• [What you need to do]: To complete the exercise, write out all the data exactly.

• [Information supplied]:
lemma merges_two_blocks_isolate_vertex:
  "merges_two_blocks (comp_partition n (isolate_vertex v H)) (comp_partition n H)"
proof -
  let ?c = "component n H" and ?c' = "component n (isolate_vertex v H)" and ?B = "component n H r"
  have "v \<in> {1..n}" using v(1) unfolding component_def by blast
  have in_B: "x \<in> ?B \<longleftrightarrow> ?c x = ?B" if "x \<in> {1..n}" for x
    using block_map_mem_iff[OF component_block_map r that] .
  have "r \<in> ?B" by (rule block_map_self[OF component_block_map r])
  have "?c' v = {v}" "?c' r = ?B - {v}"
    using component_isolate_vertex \<open>v \<in> {1..n}\<close> r v(2) \<open>r \<in> ?B\<close> by simp_all
  then have blocks: "{v} \<in> comp_partition n (isolate_vertex v H)" "?B - {v} \<in> comp_partition n (isolate_vertex v H)"
    using \<open>v \<in> {1..n}\<close> r unfolding comp_partition_def by (metis imageI)+
  have "{v} \<noteq> ?B - {v}" by blast
  have merged: "comp_partition n H =
      (comp_partition n (isolate_vertex v H) - {{v}, ?B - {v}}) \<union> {{v} \<union> (?B - {v})}"
  proof (intro equalityI subsetI)
    fix X assume "X \<in> comp_partition n H"
    then obtain x where x: "x \<in> {1..n}" "X = ?c x" unfolding comp_partition_def by blast
    show "X \<in> (comp_partition n (isolate_vertex v H) - {{v}, ?B - {v}}) \<union> {{v} \<union> (?B - {v})}"
    proof (cases "x \<in> ?B")
      case True
      then show ?thesis using x in_B v(1) by blast
    next
      case False
      then have "X = ?c' x" "x \<noteq> v" using x component_isolate_vertex v(1) by auto
      moreover have "x \<in> X" using x block_map_self[OF component_block_map] by blast
      ultimately show ?thesis using x(1) False unfolding comp_partition_def by blast
    qed
  next
    fix X assume X: "X \<in> (comp_partition n (isolate_vertex v H) - {{v}, ?B - {v}}) \<union> {{v} \<union> (?B - {v})}"
    show "X \<in> comp_partition n H"
    proof (cases "X = {v} \<union> (?B - {v})")
      case True
      then have "X = ?c r" using v(1) by blast
      then show ?thesis using r unfolding comp_partition_def by blast
    next
      case False
      then obtain x where "x \<in> {1..n}" "X = ?c' x" "X \<noteq> {v}" "X \<noteq> ?B - {v}"
        using X unfolding comp_partition_def by blast
      then have "X = ?c x" using component_isolate_vertex by (auto split: if_splits)
      then show ?thesis using \<open>x \<in> {1..n}\<close> unfolding comp_partition_def by blast
    qed
  qed
  show ?thesis
    unfolding merges_two_blocks_def
    by (intro bexI[OF _ blocks(1)] bexI[OF _ blocks(2)] conjI) (fact \<open>{v} \<noteq> ?B - {v}\<close> merged)+
qed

• [Output for this task]:
lemma merges_two_blocks_isolate_vertex:
  "merges_two_blocks (comp_partition n (isolate_vertex v H)) (comp_partition n H)"
proof -
  let ?c = "component n H" and ?c' = "component n (isolate_vertex v H)" and ?B = "component n H r"
  have "v \<in> {1..n}" using v(1) unfolding component_def by blast
  have in_B: "x \<in> ?B \<longleftrightarrow> ?c x = ?B" if "x \<in> {1..n}" for x
    using block_map_mem_iff[OF component_block_map r that] .
  have "r \<in> ?B" by (rule block_map_self[OF component_block_map r])
  have "?c' v = {v}" "?c' r = ?B - {v}"
    using component_isolate_vertex \<open>v \<in> {1..n}\<close> r v(2) \<open>r \<in> ?B\<close> by simp_all
  then have blocks: "{v} \<in> comp_partition n (isolate_vertex v H)" "?B - {v} \<in> comp_partition n (isolate_vertex v H)"
    using \<open>v \<in> {1..n}\<close> r unfolding comp_partition_def by (metis imageI)+
  have "{v} \<noteq> ?B - {v}" by blast
  have merged: "comp_partition n H =
      (comp_partition n (isolate_vertex v H) - {{v}, ?B - {v}}) \<union> {{v} \<union> (?B - {v})}"
  proof (intro equalityI subsetI)
    fix X assume "X \<in> comp_partition n H"
    then obtain x where x: "x \<in> {1..n}" "X = ?c x" unfolding comp_partition_def by blast
    show "X \<in> (comp_partition n (isolate_vertex v H) - {{v}, ?B - {v}}) \<union> {{v} \<union> (?B - {v})}"
    proof (cases "x \<in> ?B")
      case True
      then show ?thesis using x in_B v(1) by blast
    next
      case False
      then have "X = ?c' x" "x \<noteq> v" using x component_isolate_vertex v(1) by auto
      moreover have "x \<in> X" using x block_map_self[OF component_block_map] by blast
      ultimately show ?thesis using x(1) False unfolding comp_partition_def by blast
    qed
  next
    fix X assume X: "X \<in> (comp_partition n (isolate_vertex v H) - {{v}, ?B - {v}}) \<union> {{v} \<union> (?B - {v})}"
    show "X \<in> comp_partition n H"
    proof (cases "X = {v} \<union> (?B - {v})")
      case True
      then have "X = ?c r" using v(1) by blast
      then show ?thesis using r unfolding comp_partition_def by blast
    next
      case False
      then obtain x where "x \<in> {1..n}" "X = ?c' x" "X \<noteq> {v}" "X \<noteq> ?B - {v}"
        using X unfolding comp_partition_def by blast
      then have "X = ?c x" using component_isolate_vertex by (auto split: if_splits)
      then show ?thesis using \<open>x \<in> {1..n}\<close> unfolding comp_partition_def by blast
    qed
  qed
  show ?thesis
    unfolding merges_two_blocks_def
    by (intro bexI[OF _ blocks(1)] bexI[OF _ blocks(2)] conjI) (fact \<open>{v} \<noteq> ?B - {v}\<close> merged)+
qed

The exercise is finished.